Your objective: Copy out the first line of the listing and every line after it, exactly, until you have copied the line containing "and contributes nothing\<close>".
-------- Provided data
lemma moment01_LA_poly_top:
  assumes "e < 2" "real k + 1 = 2 * real n + 2 - e"
  shows "moment01 (LA_poly e n) k = fact n / pochhammer (real k + 1) (Suc n)"
proof -
  \<comment> \<open>divide the numerator by \<open>x + k + 1\<close>: the quotient has degree \<open>< n\<close> and contributes nothing\<close>
  define a where "a = real k + 1"
  define R where "R = synthetic_div (rbinom_numerator e n) (-a)"
  have a: "a > 0"
    unfolding a_def by simp
  have split: "rbinom_numerator e n = [:a, 1:] * R + [:poly (rbinom_numerator e n) (-a):]"
    unfolding R_def using synthetic_div_correct'[of "-a" "rbinom_numerator e n"] by simp
  have "poly (rbinom_numerator e n) (-a) = (\<Prod>l<n. 2 * (- real n + real l))"
    unfolding poly_rbinom_numerator a_def using assms by (intro prod.cong) (auto simp: algebra_simps)
  also have "\<dots> = 2 ^ n * pochhammer (- real n) n"
    by (simp only: prod.distrib) (simp add: pochhammer_prod lessThan_atLeast0)
  finally have remainder: "poly (rbinom_numerator e n) (-a) = 2 ^ n * (-1) ^ n * fact n"
    by (simp add: pochhammer_same)
  have "degree R < n \<or> R = 0"
    unfolding R_def using degree_rbinom_numerator[of e n]
    by (cases n) (auto simp: degree_synthetic_div synthetic_div_eq_0_iff rbinom_numerator_def)
  then have quotient: "alt_binom_sum n (\<lambda>i. poly R (real i)) = 0"
    by (auto simp: alt_binom_sum_poly_eq_0) (simp add: alt_binom_sum_def)
  have "alt_binom_sum n (\<lambda>i. poly (rbinom_numerator e n) (real i) / (real i + real k + 1))
      = alt_binom_sum n (\<lambda>i. poly R (real i))
        + poly (rbinom_numerator e n) (-a) * alt_binom_sum n (\<lambda>i. 1 / (real i + a))"
    unfolding alt_binom_sum_def sum_distrib_left sum.distrib[symmetric]
  proof (intro sum.cong refl)
    fix i
    have "real i + a > 0" using a by simp
    then show "real (n choose i) * (-1) ^ i * (poly (rbinom_numerator e n) (real i) / (real i + real k + 1))
        = real (n choose i) * (-1) ^ i * poly R (real i)
          + poly (rbinom_numerator e n) (-a) * (real (n choose i) * (-1) ^ i * (1 / (real i + a)))"
      unfolding a_def by (subst (1) split) (simp add: field_simps a_def)
  qed
  then show ?thesis
    unfolding moment01_LA_poly quotient remainder alt_binom_sum_reciprocal[OF a]
    by (simp add: a_def)
qed

lemma pochhammer_Suc_of_nat_eq_fact_div:
  "pochhammer (real m + 1) (Suc n) = fact (m + Suc n) / fact m"
proof -
  have "fact (m + Suc n) = (fact m :: real) * pochhammer (real m + 1) (Suc n)"
    using pochhammer_product'[of "1::real" m "Suc n"] by (simp add: pochhammer_fact add_ac)
  then show ?thesis by simp
qed

lemma moment01_p_poly_odd: "odd k \<Longrightarrow> k < 2 * n + 1 \<Longrightarrow> moment01 (p_poly n) k = 0"
  unfolding p_poly_eq_LA_poly
  by (elim oddE, rule moment01_LA_poly_eq_0[where m = "k div 2 + 1"]) auto

lemma moment01_q_poly_even: "even k \<Longrightarrow> k < 2 * n \<Longrightarrow> moment01 (q_poly n) k = 0"
  unfolding q_poly_eq_LA_poly
  by (elim evenE, rule moment01_LA_poly_eq_0[where m = "k div 2 + 1"]) auto

lemma moment01_p_poly_top: "moment01 (p_poly n) (2 * n + 1) = fact n * fact (2 * n + 1) / fact (3 * n + 2)"
  using moment01_LA_poly_top[of 0 "2 * n + 1" n] pochhammer_Suc_of_nat_eq_fact_div[of "2 * n + 1" n]
  unfolding p_poly_eq_LA_poly by (simp add: algebra_simps)

lemma moment01_q_poly_top: "moment01 (q_poly n) (2 * n) = fact n * fact (2 * n) / fact (3 * n + 1)"
  using moment01_LA_poly_top[of 1 "2 * n" n] pochhammer_Suc_of_nat_eq_fact_div[of "2 * n" n]
  unfolding q_poly_eq_LA_poly by (simp add: algebra_simps)

section \<open>Uniqueness of type I Legendre--Angelesco pairs\<close>

definition LA_moment :: "real poly \<Rightarrow> real poly \<Rightarrow> nat \<Rightarrow> real" where
  "LA_moment A B k = integral {-1..0} (\<lambda>x. poly A x * x ^ k) + integral {0..1} (\<lambda>x. poly B x * x ^ k)"

lemma LA_cond_iff_LA_moment:
  "LA_cond n m A B \<longleftrightarrow>
     (A = 0 \<or> degree A < n) \<and> (B = 0 \<or> degree B < m) \<and>
     (\<forall>k. k + 1 < n + m \<longrightarrow> LA_moment A B k = 0) \<and> LA_moment A B (n + m - 1) = 1"
  unfolding LA_cond_def LA_moment_def ..

lemma LA_moment_diff: "LA_moment (A - A') (B - B') k = LA_moment A B k - LA_moment A' B' k"
  unfolding LA_moment_def
  by (simp add: left_diff_distrib integral_diff integrable_poly_mult_power)

lemma poly_mult_nonneg_if_no_root_between:
  fixes P :: "real poly"
  assumes "x \<le> y" "\<And>z. x < z \<Longrightarrow> z < y \<Longrightarrow> poly P z \<noteq> 0"
  shows "0 \<le> poly P x * poly P y"
proof (rule ccontr)
  assume neg: "\<not> 0 \<le> poly P x * poly P y"
  then have "x < y"
    using assms(1) by (cases "x = y") auto
  with neg obtain z where "x < z" "z < y" "poly P z = 0"
    using poly_IVT[of x y P] by auto
  with assms(2) show False by blast
qed

lemma poly_mult_nonneg_if_no_root_in:
  fixes P :: "real poly"
  assumes "\<forall>z. a < z \<and> z < b \<longrightarrow> poly P z \<noteq> 0" "x \<in> {a..b}" "y \<in> {a..b}"
  shows "0 \<le> poly P x * poly P y"
proof (cases "x \<le> y")
  case True
  then show ?thesis
    using assms by (intro poly_mult_nonneg_if_no_root_between) auto
next
  case False
  then have "0 \<le> poly P y * poly P x"
    using assms by (intro poly_mult_nonneg_if_no_root_between) auto
  then show ?thesis
    by (simp add: mult.commute)
qed

lemma exists_sign_multiplier:
  fixes a b :: real and A :: "real poly"
  assumes "a < b"
  shows "\<exists>P. P \<noteq> 0 \<and> degree P \<le> degree A \<and> (\<forall>x. poly P x = 0 \<longrightarrow> a < x \<and> x < b)
           \<and> (\<forall>x\<in>{a..b}. 0 \<le> poly A x * poly P x)"
proof (induction "degree A" arbitrary: A rule: less_induct)
  case less
  consider "A = 0" | r where "A \<noteq> 0" "a < r" "r < b" "poly A r = 0"
    | "\<forall>r. a < r \<and> r < b \<longrightarrow> poly A r \<noteq> 0"
    by blast
  then show ?case
  proof cases
    case 1
    then show ?thesis by (intro exI[of _ 1]) auto
  next
    case 2
    then obtain A1 where A1: "A = [:-r, 1:] * A1"
      using poly_eq_0_iff_dvd by blast
    with 2 have "degree A = Suc (degree A1)"
      by (subst A1, subst degree_mult_eq) auto
    then obtain P1 where P1: "P1 \<noteq> 0" "degree P1 \<le> degree A1"
        "\<forall>x. poly P1 x = 0 \<longrightarrow> a < x \<and> x < b" "\<forall>x\<in>{a..b}. 0 \<le> poly A1 x * poly P1 x"
      using less[of A1] by auto
    define P where "P = [:-r, 1:] * P1"
    have "P \<noteq> 0" "degree P = Suc (degree P1)"
      unfolding P_def using P1(1) by (simp_all add: degree_mult_eq del: mult_pCons_left)
    moreover have "poly P x = 0 \<longleftrightarrow> x = r \<or> poly P1 x = 0" for x
      unfolding P_def by auto
    moreover have "poly A x * poly P x = (x - r)\<^sup>2 * (poly A1 x * poly P1 x)" for x
      unfolding A1 P_def by (simp add: power2_eq_square algebra_simps)
    ultimately show ?thesis
      using P1 2 \<open>degree A = Suc (degree A1)\<close> by (intro exI[of _ P]) auto
  next
    case 3
    define c where "c = (a + b) / 2"
    have c: "a < c" "c < b"
      unfolding c_def using assms by auto
    have "0 \<le> poly A x * poly A c" if "x \<in> {a..b}" for x
      using 3 that c by (intro poly_mult_nonneg_if_no_root_in) auto
    then show ?thesis
      using 3 c by (intro exI[of _ "[:poly A c:]"]) auto
  qed
qed

lemma exists_linear_sign_pattern:
  fixes s t :: real
  assumes "s \<noteq> 0" "t \<noteq> 0"
  shows "\<exists>L. L \<noteq> 0 \<and> degree L \<le> 1 \<and> (\<forall>x\<le>0. 0 \<le> s * poly L x) \<and> (\<forall>x\<ge>0. 0 \<le> t * poly L x)"
proof (cases "s * t > 0")
  case True
  then show ?thesis
    using assms by (intro exI[of _ "[:s:]"]) (auto simp: mult.commute)
next
  case False
  have "0 \<le> s * poly [:0, -s:] x" if "x \<le> 0" for x
    using that mult_nonpos_nonneg[of x "s * s"] by (simp add: algebra_simps)
  moreover have "0 \<le> t * poly [:0, -s:] x" if "x \<ge> 0" for x
    using that False mult_nonpos_nonneg[of "s * t" x] by (simp add: algebra_simps)
  ultimately show ?thesis
    using assms by (intro exI[of _ "[:0, -s:]"]) auto
qed

lemma nonneg_mult_by_common_sign:
  fixes a b s :: real
  assumes "s \<noteq> 0" "0 \<le> s * a" "0 \<le> s * b"
  shows "0 \<le> a * b"
proof -
  have "0 \<le> (a * b) * s\<^sup>2"
    using mult_nonneg_nonneg[OF assms(2,3)] by (simp add: power2_eq_square mult_ac)
  then show ?thesis
    using assms(1) by (simp add: zero_le_mult_iff)
qed

lemma poly_eq_0_if_nonneg_integral_eq_0:
  fixes F :: "real poly"
  assumes "a < b" "\<forall>x\<in>{a..b}. 0 \<le> poly F x" "integral {a..b} (poly F) = 0"
  shows "F = 0"
proof (rule ccontr)
  assume "F \<noteq> 0"
  have "\<forall>x\<in>{a..b}. poly F x = 0"
    using assms by (intro integral_eq_0_iff[THEN iffD1]) (auto intro: continuous_intros)
  then have "{a..b} \<subseteq> {x. poly F x = 0}"
    by auto
  with \<open>F \<noteq> 0\<close> show False
    using poly_roots_finite infinite_Icc[OF assms(1)] finite_subset by blast
qed

lemma integral_poly_mult_eq_sum:
  "integral {a..b::real} (\<lambda>x. poly A x * poly P x)
     = (\<Sum>i\<le>degree P. coeff P i * integral {a..b} (\<lambda>x. poly A x * x ^ i))"
proof -
  have "integral {a..b} (\<lambda>x. poly A x * poly P x)
      = integral {a..b} (\<lambda>x. \<Sum>i\<le>degree P. coeff P i * (poly A x * x ^ i))"
    by (simp add: poly_altdef sum_distrib_left algebra_simps)
  also have "\<dots> = (\<Sum>i\<le>degree P. coeff P i * integral {a..b} (\<lambda>x. poly A x * x ^ i))"
    by (subst integral_sum) (auto intro!: integrable_continuous_real continuous_intros)
  finally show ?thesis .
qed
----------------
Response:
lemma moment01_LA_poly_top:
  assumes "e < 2" "real k + 1 = 2 * real n + 2 - e"
  shows "moment01 (LA_poly e n) k = fact n / pochhammer (real k + 1) (Suc n)"
proof -
  \<comment> \<open>divide the numerator by \<open>x + k + 1\<close>: the quotient has degree \<open>< n\<close> and contributes nothing\<close>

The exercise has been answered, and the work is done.